Result: The model converged within budget, the alerting threshold met its required reliability (the analogue of the $\varepsilon = 4$ row of Output 37.3.2), and the privacy officers signed off because the accounted budget matched the agreement.
Lesson: The accountant is not bookkeeping; choosing tight composition over naive composition is often the difference between a trainable model and an untrainable one under a fixed clinical budget.
Three threads are narrowing the privacy/utility gap that Output 37.3.2 dramatizes. First, accounting has moved from the moments accountant toward numerically tight privacy-loss-distribution methods (the lineage of Gopi et al. and the connect-the-dots accountant) that squeeze more usable utility from the same $\varepsilon$, which in medicine directly buys more training rounds. Second, privacy auditing turns the abstract $\varepsilon$ into an empirically tested claim: membership-inference and canary-based audits (Nasr, Steinke, and collaborators, 2023 to 2025) estimate the privacy actually delivered and have repeatedly found implementations that promised more than they gave. Third, the community is converging on patient-level (user-level) DP as the standard for health data rather than the easier record-level guarantee, with federated training recipes and DP-aware foundation-model fine-tuning built to honor it. We meet the clinical-safety side of these guarantees again in Section 37.8, where the question shifts from "is it private?" to "is it safe to act on?".

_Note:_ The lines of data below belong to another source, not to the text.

lemma collisions_comp_le:
  assumes X: "finite X" and gX: "g ` X \<subseteq> X"
  shows "real (collisions X (h \<circ> g)) \<le> sqrt (real (collisions X h)) * real (collisions X g)"
proof -
  define m where "m w = real (card {x\<in>X. g x = w})" for w
  define K where "K w w' = (of_bool (h w = h w') :: real)" for w w'
  have fiber_comp: "real (card {y\<in>X. h (g y) = v}) = (\<Sum>w\<in>X. m w * of_bool (h w = v))" for v
    using sum_comp_eq_sum_fiber_card[OF X X gX, of "\<lambda>w. of_bool (h w = v) :: real"] X
    by (simp add: m_def Int_def)
  have "real (collisions X (h \<circ> g)) = (\<Sum>x\<in>X. \<Sum>w'\<in>X. m w' * K w' (g x))"
    by (simp add: collisions_def fiber_size_def fiber_comp K_def)
  also have "\<dots> = (\<Sum>w\<in>X. m w * (\<Sum>w'\<in>X. m w' * K w' w))"
    using sum_comp_eq_sum_fiber_card[OF X X gX, of "\<lambda>w. \<Sum>w'\<in>X. m w' * K w' w"]
    by (simp add: m_def)
  also have "\<dots> = (\<Sum>w\<in>X. \<Sum>w'\<in>X. K w w' * (m w * m w'))"
    by (simp add: sum_distrib_left K_def eq_commute mult_ac)
  also have "\<dots> \<le> (\<Sum>w\<in>X. m w ^ 2 * (\<Sum>w'\<in>X. K w w'))"
    by (rule symmetric_form_le_weighted_sum_sq) (auto simp: K_def)
  also have "\<dots> \<le> (\<Sum>w\<in>X. m w ^ 2 * sqrt (real (collisions X h)))"
  proof (intro sum_mono mult_left_mono)
    fix w assume "w \<in> X"
    then have "real (fiber_size X h w) ^ 2 \<le> real (collisions X h)"
      using fiber_size_sq_le_collisions[OF X] by (metis of_nat_le_iff of_nat_power)
    then show "(\<Sum>w'\<in>X. K w w') \<le> sqrt (real (collisions X h))"
      using X by (simp add: K_def fiber_size_def real_le_rsqrt Int_def eq_commute)
  qed simp
  also have "\<dots> = sqrt (real (collisions X h)) * real (collisions X g)"
    using collisions_eq_sum_fiber_card_sq[OF X X gX]
    by (simp add: m_def sum_distrib_left mult.commute)
  finally show ?thesis .
qed

lemma fdeg_comp_le:
  assumes "finite X" "g ` X \<subseteq> X"
  shows "fdeg X (h \<circ> g) \<le> sqrt (real (card X) * fdeg X h) * fdeg X g"
proof (cases "X = {}")
  case False
  then have n: "real (card X) > 0"
    using assms(1) by (simp add: card_gt_0_iff)
  have "fdeg X (h \<circ> g) \<le> sqrt (real (collisions X h)) * real (collisions X g) / real (card X)"
    unfolding fdeg_eq_collisions using n by (intro divide_right_mono collisions_comp_le[OF assms]) simp
  also have "\<dots> = sqrt (real (card X) * fdeg X h) * fdeg X g"
    using n by (simp add: fdeg_eq_collisions)
  finally show ?thesis .
qed (simp add: fdeg_def)

lemma fdeg_funpow_le:
  assumes X: "finite X" "X \<noteq> {}" and fX: "f ` X \<subseteq> X"
  shows "fdeg X (f ^^ Suc j) \<le> real (card X) powr (1 - 1 / 2 ^ j) * fdeg X f powr (2 - 1 / 2 ^ j)"
proof (induction j)
  case 0
  show ?case
    using fdeg_ge_1[OF X, of f] X by (simp add: card_gt_0_iff)
next
  case (Suc j)
  define n where "n = real (card X)"
  define d where "d = fdeg X f"
  define a :: real where "a = 1 - 1 / 2 ^ j"
  define b :: real where "b = 2 - 1 / 2 ^ j"
  have n: "n > 0" and d: "d \<ge> 1"
    using X fdeg_ge_1[OF X, of f] by (simp_all add: n_def d_def card_gt_0_iff)
  have IH: "fdeg X (f ^^ Suc j) \<le> n powr a * d powr b"
    using Suc.IH by (simp only: n_def d_def a_def b_def)
  have "fdeg X (f ^^ Suc (Suc j)) \<le> sqrt (n * fdeg X (f ^^ Suc j)) * d"
    using fdeg_comp_le[OF X(1) fX, of "f ^^ Suc j"] by (simp only: funpow_Suc_right n_def d_def)
  also have "\<dots> \<le> sqrt (n * (n powr a * d powr b)) * d"
    using IH n d by (intro mult_right_mono real_sqrt_le_mono mult_left_mono) simp_all
  also have "sqrt (n * (n powr a * d powr b)) = (n powr (1 + a) * d powr b) powr (1 / 2)"
    using n d by (simp add: powr_half_sqrt powr_add)
  also have "\<dots> * d = n powr ((1 + a) / 2) * (d powr (b / 2) * d)"
    using n d by (simp add: powr_mult powr_powr powr_add[symmetric] add_divide_distrib)
  also have "d powr (b / 2) * d = d powr (b / 2 + 1)"
    using d by (simp add: powr_add)
  also have "(1 + a) / 2 = 1 - 1 / 2 ^ Suc j"
    by (simp add: a_def field_simps)
  also have "b / 2 + 1 = 2 - 1 / 2 ^ Suc j"
    by (simp add: b_def field_simps)
  finally show ?case by (simp only: n_def d_def)
qed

A patient in a chronic-care cohort contributes up to $m = 12$ visits, each a record. The team currently reports a record-level $(\varepsilon, \delta)$ guarantee and wants to upgrade to patient-level at the same $\varepsilon$. Using the sensitivity relation $\Delta_2 = mC$ from Section 3, explain what happens to the required noise standard deviation $\sigma$, and therefore to model utility, when the protected unit changes from a record to a patient. Then argue why a regulator concerned with a rare diagnosis insists on the patient-level guarantee despite its higher utility cost.
Extend Code 37.3.2 so that, instead of sweeping a fixed list of $\varepsilon$ values, it searches for the smallest $\varepsilon$ (strongest privacy) at which the probability of a correct safety flag is at least 95 percent. Then vary the cohort size $n$ over $\{1000, 4000, 16000\}$ and report how the minimal safe $\varepsilon$ changes. Explain the relationship you observe between site size and the privacy you can afford, and connect it to why small rural hospitals are the hardest clients to protect well in a federation.
A federated training run has a fixed total patient-level budget of $\varepsilon_{\text{total}} = 6$ at $\delta = 10^{-5}$ and needs at least $40$ rounds to converge. Using the contrast $\varepsilon_{\text{basic}}(T) = T\varepsilon_{\text{round}}$ versus $\varepsilon_{\text{tight}}(T) \approx \varepsilon_{\text{round}}\sqrt{T}$ from Section 3, compute the per-round budget $\varepsilon_{\text{round}}$ each accounting method would permit to reach $40$ rounds within $\varepsilon_{\text{total}}$, and state whether convergence in $40$ rounds is feasible under each. Then explain, referencing the secure-aggregation step of Section 37.6, why the choice of accountant is an architectural decision and not merely a reporting convenience.